The Brigadoon Effect: A Day In The Night: a story by: GF Willmetts.

The alarm work me early. Set to wake up before all the others on this level. I liked some calmness before everyone else woke, continuing their lives from yesterday. Not really knowing how long they’d all been asleep. We called it the Brigadoon Effect. With so many personalities in the mainframe, we realised it wasn’t healthy for everyone to be awake all the time. Have the pattern of sleep as they used to would give them the right number of hours.

It also allowed a rotation of other digital people to live their lives in the RAM. It was something that wouldn’t seem out of place in the physical world and if they wanted to leave messages, then they could pick them up in rotation. They had jobs if they wanted. Life was as much as they wanted. Life could go pretty fast. In terms of computer time, a day was over in a matter of seconds. I flipped up the diagnostic screen and stopped in my tracks.

Even allowing for the number of rotations, a couple days of real time would have gone past. This was now like an actual year. Non-digital time. I flipped in geometric progression. The next time ten years then the century. It was truly going to match the real Brigadoon. In here, we didn’t have much to do with the outside world. Who knew what was going on out there? Certainly anyone out there would be gone in two rotations, assuming they were still monitoring the mainframe. It was also a problem that should have been notified to me or one of us programmers inside here. The fact it wasn’t suggested some sort of mal…

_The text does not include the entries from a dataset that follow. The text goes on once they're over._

theorem theorem2p2:
  fixes D :: "'a::{real_inner, complete_space} set"
    and F :: "'a \<Rightarrow> 'b::{real_inner, complete_space}"
    and F' :: "'a \<Rightarrow> ('a \<Rightarrow>\<^sub>L 'b)"
    and y :: 'b and xs xd :: 'a
    and lam :: "nat \<Rightarrow> real" and \<tau> :: real
    and alpha :: "real \<Rightarrow> 'b \<Rightarrow> real" and xr :: "real \<Rightarrow> 'b \<Rightarrow> 'a"
  assumes "y \<in> F ` D" and "xs \<in> D"
    and "min_norm_solution D F y xs xd"
    and "assumption1 D F F' xd"
    and "\<forall>k. lam k > 0 \<and> lam k \<in> op_spectrum (blinfun_apply (F' xd) \<circ> adjoint (blinfun_apply (F' xd)))"
    and "lam \<longlonglongrightarrow> 0"
    and "\<tau> > 0"
    and "\<exists>\<delta>0>0. \<forall>\<delta> yd. 0 < \<delta> \<and> \<delta> < \<delta>0 \<and> norm (yd - y) \<le> \<delta> \<longrightarrow>
            alpha \<delta> yd > 0 \<and> tikhonov_minimizer D F xs (alpha \<delta> yd) yd (xr \<delta> yd)
            \<and> norm (F (xr \<delta> yd) - yd) \<le> \<tau> * \<delta>"
    and "\<forall>\<epsilon>>0. \<exists>\<delta>1>0. \<forall>\<delta> yd. 0 < \<delta> \<and> \<delta> < \<delta>1 \<and> norm (yd - y) \<le> \<delta> \<longrightarrow>
            norm (xr \<delta> yd - xd) \<le> \<epsilon> * sqrt \<delta>"
  shows "xd = xs"
proof (rule ccontr)
  assume "xd \<noteq> xs"
  obtain \<rho> \<kappa> where "ball xd \<rho> \<subseteq> D" and fd: "factorized_derivative F F' xd \<rho> \<kappa>"
    using assumption1_imp_factorized_derivative[OF assms(4)] .
  have "F xd = y"
    using assms(3) by (simp add: min_norm_solution_def)
  define M where "M = 2 + 8 * norm (F' xd) * \<tau> / norm (xd - xs) + norm (F' xd) * \<kappa> * (1 + 2 * \<tau>)"
  have "M \<ge> 0"
    using \<open>\<tau> > 0\<close> factorized_derivative.kappa_nonneg[OF fd] by (simp add: M_def)
  define \<epsilon> where "\<epsilon> = 1 / (M + 1)"
  have "\<epsilon> > 0" and "\<epsilon> \<le> 1" and "\<epsilon> * M < 1"
    using \<open>M \<ge> 0\<close> by (auto simp: \<epsilon>_def field_simps)
  obtain \<delta>0 \<delta>1 where "\<delta>0 > 0" and "\<delta>1 > 0"
    and data: "\<And>\<delta> yd. 0 < \<delta> \<Longrightarrow> \<delta> < min \<delta>0 \<delta>1 \<Longrightarrow> norm (yd - y) \<le> \<delta> \<Longrightarrow>
      alpha \<delta> yd > 0 \<and> tikhonov_minimizer D F xs (alpha \<delta> yd) yd (xr \<delta> yd)
      \<and> norm (F (xr \<delta> yd) - yd) \<le> \<tau> * \<delta> \<and> norm (xr \<delta> yd - xd) \<le> \<epsilon> * sqrt \<delta>"
    using assms(8) assms(9)[rule_format, OF \<open>\<epsilon> > 0\<close>] by (metis min_less_iff_conj)
  have "1 \<le> \<epsilon> * M"
    unfolding M_def
    using \<open>\<tau> > 0\<close> \<open>\<delta>0 > 0\<close> \<open>\<delta>1 > 0\<close>
    by (intro factorized_derivative.tikhonov_rate_constant_lower_bound[OF fd \<open>ball xd \<rho> \<subseteq> D\<close>
          \<open>F xd = y\<close> \<open>xd \<noteq> xs\<close> assms(5)[rule_format] assms(6) _ \<open>\<epsilon> \<le> 1\<close>,
          where \<delta>\<^sub>0 = "min \<delta>0 \<delta>1", OF _ _ data])
      auto
  with \<open>\<epsilon> * M < 1\<close> show False
    by simp
qed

Looks like the neighbours were awake. What were they doing in there? They could hit each other for however long they wanted and suffer no damage. Like the old cartoons, you just picked bigger weapons and no one got hurt. The rotation would put things back the way they were anyway. That left metal music or screwing. They could do the latter for as long as they wanted as well. Whatever. I eyed to sound level and reduced it. I needed to think. Less outside noises the better.

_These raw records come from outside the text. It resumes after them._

(* Let $K=\mathbb{Q}(\rho)$, where $\rho$ is a root of $x^3-ax^2-(a+3)x-1$ with $a\equiv3$ or $21\pmod{27}$, $a>12$ and $\frac{\Delta}{27}$ square-free, where $\Delta=a^2+3a+9$. Put $g_2=\rho$, $g_3=\frac{1+\rho+\rho^2}{3}$. \begin{enumerate} \item If $\alpha=-r\rho+\rho^2$ with $1\leq r\leq\frac{a}{3}$, then $N(\alpha)\leq\frac{2a^3+9a^2+27a+27}{27}=\frac{(2a+3)\Delta}{27}$. \item If $\alpha=-(r+1)g_2+g_3$ with $0\leq r\leq\frac{a}{3}-1$, then $N(\alpha)<\frac{(2a+3)\Delta}{27}$. \end{enumerate}
   Context: $N$ denotes the norm from $K$ to $\mathbb{Q}$. *)

theory Defs
  imports "HOL-Computational_Algebra.Computational_Algebra"
begin

definition cubic :: "int \<Rightarrow> complex poly" where
  "cubic a = [:-1, - of_int (a + 3), - of_int a, 1:]"

text \<open>Norm from K = Q(rho) to Q of the element p(rho), p a rational polynomial:
  the product of its images under the embeddings of K into C, i.e. of p(z)
  over the (three distinct) complex roots z of the defining cubic.\<close>
definition normK :: "int \<Rightarrow> rat poly \<Rightarrow> complex" where
  "normK a p = (\<Prod>z\<in>{z. poly (cubic a) z = 0}. poly (map_poly of_rat p) z)"

end

theory Submission
  imports Defs
begin

text \<open>The norm of \<open>p(\<rho>)\<close> is the product of \<open>p\<close> over the three roots of the cubic, which are
  distinct because its discriminant is \<open>\<Delta>\<^sup>2\<close>. For \<open>p = x\<^sup>2 - P x + Q\<close> this product is a
  symmetric function of the roots, hence an integer polynomial in \<open>a\<close>, \<open>P\<close> and \<open>Q\<close>. Since
  \<open>3 g\<^sub>3 - 3 (r + 1) g\<^sub>2 = \<rho>\<^sup>2 - (3r + 2) \<rho> + 1\<close>, both estimates become elementary
  inequalities between integers; the first one is the factorisation
  \<open>(2a + 3) \<Delta> - 27 N(\<rho>\<^sup>2 - r \<rho>) = (a - 3r)(2a\<^sup>2 + 6ar - 9r\<^sup>2 + 9a + 27)\<close>.\<close>

lemma linear_factors_product3:
  fixes z1 z2 z3 :: "'a::comm_ring_1"
  shows "[:-z1, 1:] * [:-z2, 1:] * [:-z3, 1:]
           = [:-(z1*z2*z3), z1*z2 + z1*z3 + z2*z3, -(z1 + z2 + z3), 1:]"
  by (simp add: algebra_simps)

lemma cubic_eq_linear_factors:
  obtains z1 z2 z3 :: complex where "cubic a = [:-z1, 1:] * [:-z2, 1:] * [:-z3, 1:]"
proof -
  obtain root where "smult (lead_coeff (cubic a)) (\<Prod>i<degree (cubic a). [:-root i, 1:]) = cubic a"
    using complex_poly_decompose' by blast
  moreover have "degree (cubic a) = 3" "lead_coeff (cubic a) = 1"
    by (simp_all add: cubic_def)
  ultimately have "cubic a = [:-root 0, 1:] * [:-root 1, 1:] * [:-root 2, 1:]"
    by (simp add: numeral_3_eq_3 numeral_2_eq_2 lessThan_Suc mult_ac)
  then show thesis by (rule that)
qed

lemma discriminant_cubic:
  fixes z1 z2 z3 :: "'a::comm_ring_1"
  defines "s1 \<equiv> z1 + z2 + z3" and "s2 \<equiv> z1*z2 + z1*z3 + z2*z3" and "s3 \<equiv> z1*z2*z3"
  shows "((z1 - z2)*(z1 - z3)*(z2 - z3))^2
           = s1^2*s2^2 - 4*s2^3 - 4*s1^3*s3 - 27*s3^2 + 18*s1*s2*s3"
  unfolding s1_def s2_def s3_def by (simp add: algebra_simps power2_eq_square power3_eq_cube)

text \<open>The right-hand side is the resultant \<open>f(u) f(v)\<close> of \<open>f = x\<^sup>3 - s\<^sub>1 x\<^sup>2 + s\<^sub>2 x - s\<^sub>3\<close>
  and \<open>(x - u)(x - v) = x\<^sup>2 - p x + q\<close>, expanded in \<open>p\<close> and \<open>q\<close>.\<close>

lemma prod_quadratic_at_roots:
  fixes z1 z2 z3 p q :: "'a::comm_ring_1"
  defines "s1 \<equiv> z1 + z2 + z3" and "s2 \<equiv> z1*z2 + z1*z3 + z2*z3" and "s3 \<equiv> z1*z2*z3"
  shows "(z1^2 - p*z1 + q) * (z2^2 - p*z2 + q) * (z3^2 - p*z3 + q)
           = q^3 - s1*q^2*p + s2*q*(p^2 - 2*q) - s3*(p^3 - 3*p*q) + s1^2*q^2 - s1*s2*q*p
             + s1*s3*(p^2 - 2*q) + s2^2*q - s2*s3*p + s3^2"
  unfolding s1_def s2_def s3_def by (simp add: algebra_simps power2_eq_square power3_eq_cube)

lemma simplest_cubic_roots:
  obtains z1 z2 z3 :: complex where
    "z1 + z2 + z3 = of_int a" "z1*z2 + z1*z3 + z2*z3 = - of_int (a + 3)" "z1*z2*z3 = 1"
    "\<And>p. normK a p = poly (map_poly of_rat p) z1 * poly (map_poly of_rat p) z2
                        * poly (map_poly of_rat p) z3"
proof -
  obtain z1 z2 z3 where factors: "cubic a = [:-z1, 1:] * [:-z2, 1:] * [:-z3, 1:]"
    by (rule cubic_eq_linear_factors)
  then have vieta: "z1 + z2 + z3 = of_int a" "z1*z2 + z1*z3 + z2*z3 = - of_int (a + 3)"
    "z1*z2*z3 = 1"
    unfolding linear_factors_product3 cubic_def pCons_eq_iff
    by (metis minus_equation_iff of_int_add of_int_numeral)+
  have "((z1 - z2)*(z1 - z3)*(z2 - z3))^2 = of_int ((a^2 + 3*a + 9)^2)"
    unfolding discriminant_cubic vieta by (simp add: algebra_simps power2_eq_square power3_eq_cube)
  moreover have "a^2 + 3*a + 9 \<noteq> 0"
  proof -
    have "4*(a^2 + 3*a + 9) = (2*a + 3)^2 + 27"
      by (simp add: algebra_simps power2_eq_square)
    then show ?thesis by (smt (verit) zero_le_power2)
  qed
  ultimately have "z1 \<noteq> z2" "z1 \<noteq> z3" "z2 \<noteq> z3"
    by (auto simp del: of_int_power)
  moreover have "poly (cubic a) z = (z - z1) * (z - z2) * (z - z3)" for z
    unfolding factors by (simp add: algebra_simps)
  then have "{z. poly (cubic a) z = 0} = {z1, z2, z3}"
    by auto
  ultimately show thesis
    using vieta by (intro that) (simp_all add: normK_def mult.assoc)
qed

lemma normK_rho_sq_minus_rho:
  "normK a [:0, - of_int r, 1:] = of_int (1 + (a + 3)*r + a*r^2 - r^3)"
proof -
  obtain z1 z2 z3 :: complex where vieta: "z1 + z2 + z3 = of_int a"
    "z1*z2 + z1*z3 + z2*z3 = - of_int (a + 3)" "z1*z2*z3 = 1"
    and norm: "\<And>p. normK a p = poly (map_poly of_rat p) z1 * poly (map_poly of_rat p) z2
                                * poly (map_poly of_rat p) z3"
    using simplest_cubic_roots[of a] by blast
  have "poly (map_poly of_rat [:0, - of_int r, 1:]) z = z^2 - of_int r * z + 0" for z :: complex
    by (simp add: map_poly_pCons of_rat_minus power2_eq_square algebra_simps)
  then have "normK a [:0, - of_int r, 1:]
               = (z1^2 - of_int r * z1 + 0) * (z2^2 - of_int r * z2 + 0)
                 * (z3^2 - of_int r * z3 + 0)"
    by (simp only: norm)
  also have "\<dots> = of_int (1 + (a + 3)*r + a*r^2 - r^3)"
    unfolding prod_quadratic_at_roots vieta by (simp add: algebra_simps power2_eq_square power3_eq_cube)
  finally show ?thesis .
qed

lemma normK_g3_minus_g2:
  fixes a r :: int
  defines "t \<equiv> 3*r + 2"
  shows "normK a [:1/3, 1/3 - of_int (r + 1), 1/3:]
           = of_int (- (t^3) - 3*t^2 + (a^2 + 3*a + 6)*t + 2*a^2 + 6*a + 17) / 27"
proof -
  obtain z1 z2 z3 :: complex where vieta: "z1 + z2 + z3 = of_int a"
    "z1*z2 + z1*z3 + z2*z3 = - of_int (a + 3)" "z1*z2*z3 = 1"
    and norm: "\<And>p. normK a p = poly (map_poly of_rat p) z1 * poly (map_poly of_rat p) z2
                                * poly (map_poly of_rat p) z3"
    using simplest_cubic_roots[of a] by blast
  have eval: "poly (map_poly of_rat [:1/3, 1/3 - of_int (r + 1), 1/3:]) z
               = (z^2 - of_int t * z + 1) / 3" for z :: complex
    by (simp add: t_def map_poly_pCons of_rat_diff of_rat_divide of_rat_add of_rat_mult
                  power2_eq_square field_simps)
  have "normK a [:1/3, 1/3 - of_int (r + 1), 1/3:]
          = (z1^2 - of_int t * z1 + 1) / 3 * ((z2^2 - of_int t * z2 + 1) / 3)
              * ((z3^2 - of_int t * z3 + 1) / 3)"
    by (simp only: norm eval)
  also have "\<dots> = (z1^2 - of_int t * z1 + 1) * (z2^2 - of_int t * z2 + 1)
                     * (z3^2 - of_int t * z3 + 1) / 27"
    by simp
  also have "\<dots> = of_int (- (t^3) - 3*t^2 + (a^2 + 3*a + 6)*t + 2*a^2 + 6*a + 17) / 27"
    unfolding prod_quadratic_at_roots vieta by (simp add: algebra_simps power2_eq_square power3_eq_cube)
  finally show ?thesis .
qed

lemma norm_rho_sq_minus_rho_bound:
  fixes a r :: int
  assumes "1 \<le> r" and "3*r \<le> a"
  shows "27 * (1 + (a + 3)*r + a*r^2 - r^3) \<le> (2*a + 3) * (a^2 + 3*a + 9)"
proof -
  have factorisation: "(2*a + 3) * (a^2 + 3*a + 9) - 27 * (1 + (a + 3)*r + a*r^2 - r^3)
                         = (a - 3*r) * (2*a^2 + 6*a*r - 9*r^2 + 9*a + 27)"
    by (simp add: algebra_simps power2_eq_square power3_eq_cube)
  have "9*r^2 \<le> 3*a*r"
    using assms by (simp add: power2_eq_square mult_right_mono)
  moreover have "0 \<le> a*r" "0 \<le> a^2"
    using assms by simp_all
  ultimately have "0 \<le> 2*a^2 + 6*a*r - 9*r^2 + 9*a + 27"
    using assms by linarith
  moreover have "0 \<le> a - 3*r"
    using assms by simp
  ultimately show ?thesis
    using factorisation mult_nonneg_nonneg by (metis diff_ge_0_iff_ge)
qed

lemma norm_g3_minus_g2_bound:
  fixes a t :: int
  assumes "0 \<le> t" and "t \<le> a - 1"
  shows "- (t^3) - 3*t^2 + (a^2 + 3*a + 6)*t + 2*a^2 + 6*a + 17 < (2*a + 3) * (a^2 + 3*a + 9)"
proof -
  have "0 \<le> a^2 + 3*a + 6"
    using assms by (simp add: add_nonneg_nonneg)
  then have "(a^2 + 3*a + 6)*t \<le> (a^2 + 3*a + 6)*(a - 1)"
    using assms by (simp add: mult_left_mono)
  moreover have "(2*a + 3) * (a^2 + 3*a + 9) - ((a^2 + 3*a + 6)*(a - 1) + 2*a^2 + 6*a + 17)
                   = a^3 + 5*a^2 + 18*a + 16"
    by (simp add: algebra_simps power2_eq_square power3_eq_cube)
  moreover have "0 \<le> a^3" "0 \<le> a^2" "0 \<le> t^3" "0 \<le> t^2"
    using assms by simp_all
  ultimately show ?thesis
    using assms by linarith
qed

theorem lemma7p2:
  fixes a :: int
  defines "\<Delta> \<equiv> a^2 + 3*a + 9"
  assumes "a mod 27 = 3 \<or> a mod 27 = 21"
    and "a > 12"
    and "squarefree (\<Delta> div 27)"
  shows "(\<forall>r::int. 1 \<le> r \<and> real_of_int r \<le> real_of_int a / 3 \<longrightarrow>
            normK a [:0, - of_int r, 1:] \<in> \<real> \<and>
            Re (normK a [:0, - of_int r, 1:]) \<le> real_of_int ((2*a + 3) * \<Delta>) / 27)
       \<and> (\<forall>r::int. 0 \<le> r \<and> real_of_int r \<le> real_of_int a / 3 - 1 \<longrightarrow>
            normK a [:1/3, 1/3 - of_int (r + 1), 1/3:] \<in> \<real> \<and>
            Re (normK a [:1/3, 1/3 - of_int (r + 1), 1/3:]) < real_of_int ((2*a + 3) * \<Delta>) / 27)"
proof (intro conjI allI impI; elim conjE)
  \<comment> \<open>The arithmetic hypotheses only make \<open>{1, g\<^sub>2, g\<^sub>3}\<close> an integral basis in the paper;
    the estimates hold without them.\<close>
  fix r :: int
  assume "1 \<le> r" and "real_of_int r \<le> real_of_int a / 3"
  then have "real_of_int (27 * (1 + (a + 3)*r + a*r^2 - r^3)) \<le> real_of_int ((2*a + 3) * \<Delta>)"
    unfolding of_int_le_iff \<Delta>_def by (intro norm_rho_sq_minus_rho_bound) linarith+
  then show "Re (normK a [:0, - of_int r, 1:]) \<le> real_of_int ((2*a + 3) * \<Delta>) / 27"
    unfolding normK_rho_sq_minus_rho by simp
  show "normK a [:0, - of_int r, 1:] \<in> \<real>"
    unfolding normK_rho_sq_minus_rho by simp
next
  fix r :: int
  assume "0 \<le> r" and "real_of_int r \<le> real_of_int a / 3 - 1"
  then have "real_of_int (- ((3*r + 2)^3) - 3*(3*r + 2)^2 + (a^2 + 3*a + 6)*(3*r + 2)
                           + 2*a^2 + 6*a + 17)
               < real_of_int ((2*a + 3) * \<Delta>)"
    unfolding of_int_less_iff \<Delta>_def by (intro norm_g3_minus_g2_bound) linarith+
  then show "Re (normK a [:1/3, 1/3 - of_int (r + 1), 1/3:]) < real_of_int ((2*a + 3) * \<Delta>) / 27"
    unfolding normK_g3_minus_g2 by simp
  show "normK a [:1/3, 1/3 - of_int (r + 1), 1/3:] \<in> \<real>"
    unfolding normK_g3_minus_g2 by simp
qed

end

One thing for sure, to stay here would risk being put to sleep agin in the next rotation. Thing is, why hadn’t I spotted this before now? The first thing I did on boot-up was to check the screen. I must have spotted it before. Now was the time for action.

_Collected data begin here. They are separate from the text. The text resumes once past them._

(* Let $\Omega\subset\mathbb{R}^n$ be open and let $p\in L^2(\Omega)$ be harmonic in $\Omega$. Then for every $\phi\in C^\infty_c(\Omega)$ and every $m\in\mathbb{N}$, $$\int_\Omega|\nabla^mp|^2\phi\,dx=\frac1{2^m}\int_\Omega p^2\,\Delta^m\phi\,dx,$$ where $|\nabla^mp|^2=\sum_{i_1,\dots,i_m=1}^n|\partial_{i_1}\cdots\partial_{i_m}p|^2$. *)

theory Defs
  imports "HOL-Analysis.Analysis"
begin

definition partial :: "'n::finite \<Rightarrow> (real^'n \<Rightarrow> real) \<Rightarrow> real^'n \<Rightarrow> real" where
  "partial i f x = deriv (\<lambda>t. f (x + t *\<^sub>R axis i 1)) 0"

fun dpart :: "'n::finite list \<Rightarrow> (real^'n \<Rightarrow> real) \<Rightarrow> real^'n \<Rightarrow> real" where
  "dpart [] f = f"
| "dpart (i # is) f = partial i (dpart is f)"

definition grad_sq :: "nat \<Rightarrow> (real^'n::finite \<Rightarrow> real) \<Rightarrow> real^'n \<Rightarrow> real" where
  "grad_sq m f x = (\<Sum>is\<in>{is. length is = m}. (dpart is f x)\<^sup>2)"

definition lap :: "(real^'n::finite \<Rightarrow> real) \<Rightarrow> real^'n \<Rightarrow> real" where
  "lap f x = (\<Sum>i\<in>UNIV. partial i (partial i f) x)"

text \<open>C^infinity on an open set: every iterated partial derivative is (Frechet)
  differentiable on the set (hence all partials exist and are continuous).\<close>
definition smooth_on :: "(real^'n::finite) set \<Rightarrow> (real^'n \<Rightarrow> real) \<Rightarrow> bool" where
  "smooth_on S f \<longleftrightarrow> (\<forall>is. dpart is f differentiable_on S)"

definition harmonic_on :: "(real^'n::finite) set \<Rightarrow> (real^'n \<Rightarrow> real) \<Rightarrow> bool" where
  "harmonic_on S f \<longleftrightarrow> smooth_on S f \<and> (\<forall>x\<in>S. lap f x = 0)"

definition L2_on :: "(real^'n::finite) set \<Rightarrow> (real^'n \<Rightarrow> real) \<Rightarrow> bool" where
  "L2_on S f \<longleftrightarrow> set_borel_measurable lborel S f \<and> set_integrable lborel S (\<lambda>x. (f x)\<^sup>2)"

definition test_function :: "(real^'n::finite) set \<Rightarrow> (real^'n \<Rightarrow> real) \<Rightarrow> bool" where
  "test_function S \<phi> \<longleftrightarrow> smooth_on S \<phi> \<and> compact (closure {x. \<phi> x \<noteq> 0})
     \<and> closure {x. \<phi> x \<noteq> 0} \<subseteq> S"

end

theory Submission
  imports Defs
begin

text \<open>
  For a smooth \<open>w\<close> one has \<open>\<Delta>(w\<^sup>2) = 2 w \<Delta>w + 2 |\<nabla>w|\<^sup>2\<close>. All iterated partial
  derivatives of a harmonic \<open>p\<close> are harmonic, because partial derivatives of smooth functions
  commute; summing over the multi-indices gives
  \<open>\<Delta>|\<nabla>\<^sup>mp|\<^sup>2 = 2 |\<nabla>\<^sup>m\<^sup>+\<^sup>1p|\<^sup>2\<close> in \<open>\<Omega>\<close>. Moving the Laplacian onto the test function by
  Green's formula (two integrations by parts, whose boundary terms vanish by compact support)
  yields \<open>\<integral>|\<nabla>\<^sup>m\<^sup>+\<^sup>1p|\<^sup>2\<phi> = \<integral>|\<nabla>\<^sup>mp|\<^sup>2 \<Delta>\<phi> / 2\<close>, and the claim follows by induction on \<open>m\<close>,
  \<open>\<Delta>\<phi>\<close> again being a test function. Every integrand vanishes outside the support of a test
  function.
\<close>

section \<open>Partial derivatives\<close>

lemma has_real_derivative_along_line:
  fixes f :: "real^'n::finite \<Rightarrow> real"
  assumes "(f has_derivative f') (at (x + s *\<^sub>R v))"
  shows "((\<lambda>t. f (x + t *\<^sub>R v)) has_real_derivative f' v) (at s)"
proof -
  have "((\<lambda>t. x + t *\<^sub>R v) has_derivative (\<lambda>t. t *\<^sub>R v)) (at s)"
    by (auto intro!: derivative_eq_intros)
  from has_derivative_compose[OF this assms]
  have "((\<lambda>t. f (x + t *\<^sub>R v)) has_derivative (\<lambda>t. f' (t *\<^sub>R v))) (at s)"
    by (simp add: o_def)
  moreover have "(\<lambda>t. f' (t *\<^sub>R v)) = (*) (f' v)"
    using has_derivative_bounded_linear[OF assms]
    by (auto simp: fun_eq_iff linear_simps bounded_linear.linear)
  ultimately show ?thesis by (simp add: has_field_derivative_def)
qed

lemma partial_eqI:
  assumes "(f has_derivative f') (at x)" "f' (axis i 1) = D"
  shows "partial i f x = D"
proof -
  have "((\<lambda>t. f (x + t *\<^sub>R axis i 1)) has_real_derivative f' (axis i 1)) (at 0)"
    by (rule has_real_derivative_along_line) (use assms in simp)
  then show ?thesis unfolding partial_def using assms(2) by (simp add: DERIV_imp_deriv)
qed

lemma partial_eq_frechet_derivative:
  "f differentiable (at x) \<Longrightarrow> partial i f x = frechet_derivative f (at x) (axis i 1)"
  using frechet_derivative_works partial_eqI by blast

lemma has_real_derivative_partial:
  fixes f :: "real^'n::finite \<Rightarrow> real"
  assumes "f differentiable (at (x + s *\<^sub>R axis i 1))"
  shows "((\<lambda>t. f (x + t *\<^sub>R axis i 1)) has_real_derivative partial i f (x + s *\<^sub>R axis i 1)) (at s)"
  using has_real_derivative_along_line[OF assms[unfolded frechet_derivative_works]]
    partial_eq_frechet_derivative[OF assms] by simp

lemma partial_cong_open:
  assumes "open S" "x \<in> S" "\<And>y. y \<in> S \<Longrightarrow> f y = g y"
  shows "partial i f x = partial i g x"
proof -
  obtain r where r: "r > 0" "ball x r \<subseteq> S" using assms(1,2) openE by blast
  have "\<forall>\<^sub>F t in nhds 0. f (x + t *\<^sub>R axis i 1) = g (x + t *\<^sub>R axis i 1)"
    unfolding eventually_nhds_metric
  proof (intro exI[of _ r] conjI allI impI)
    fix t :: real assume "dist t 0 < r"
    then have "x + t *\<^sub>R axis i 1 \<in> ball x r" by (simp add: dist_norm)
    then show "f (x + t *\<^sub>R axis i 1) = g (x + t *\<^sub>R axis i 1)" using r assms(3) by blast
  qed (use r in auto)
  then show ?thesis unfolding partial_def by (rule deriv_cong_ev) simp
qed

There was a trapdoor to get out of this tier but there was also an AI who did a body count to ensure none of the civilians roamed off tier. As I was living here and a programmer, you would think I would be automatically exempt. Hah! If you saw the difference in code to make that happen you would think there had to be a better way. More so as we didn’t want any of the AIs to second guess us if we were fault correcting with them. We were allowed to think for ourselves. Would I want to be fully digitised otherwise? It looked like this was one of those times. We each had our own plans for that. I would still need my control frame. My biggest advantage was having independent thought. The civilians thought they were pretty much as they were before the transfer but some changes had to be made after the first few failed attempts. People knew they would survive physical death by the transfer but they wanted to pretty much lead the sort of lives they had while alive. Socialising. Some form of work if they wanted it. Sex. Rejuvenation. Some wanted endless war games. Most of those were timed plays or they’d play themselves to death…literally. All could be provided in the various tiers. A utopic paradise but we had to remove the idea that it wasn’t really real. We programmers were the only ones who really knew what was what. We programmers were the maintenance guys and the people to see if there were problems. I wasn’t going to scream to anyone outside unless I had to. Not yet, anyway. We could do a lot more in here than they could from outside. I just had to hope it was just a minor glitch than a physical failure. There was some protection against viruses and cascade failure but time-outs going to extreme so quickly? Something was seriously wrong.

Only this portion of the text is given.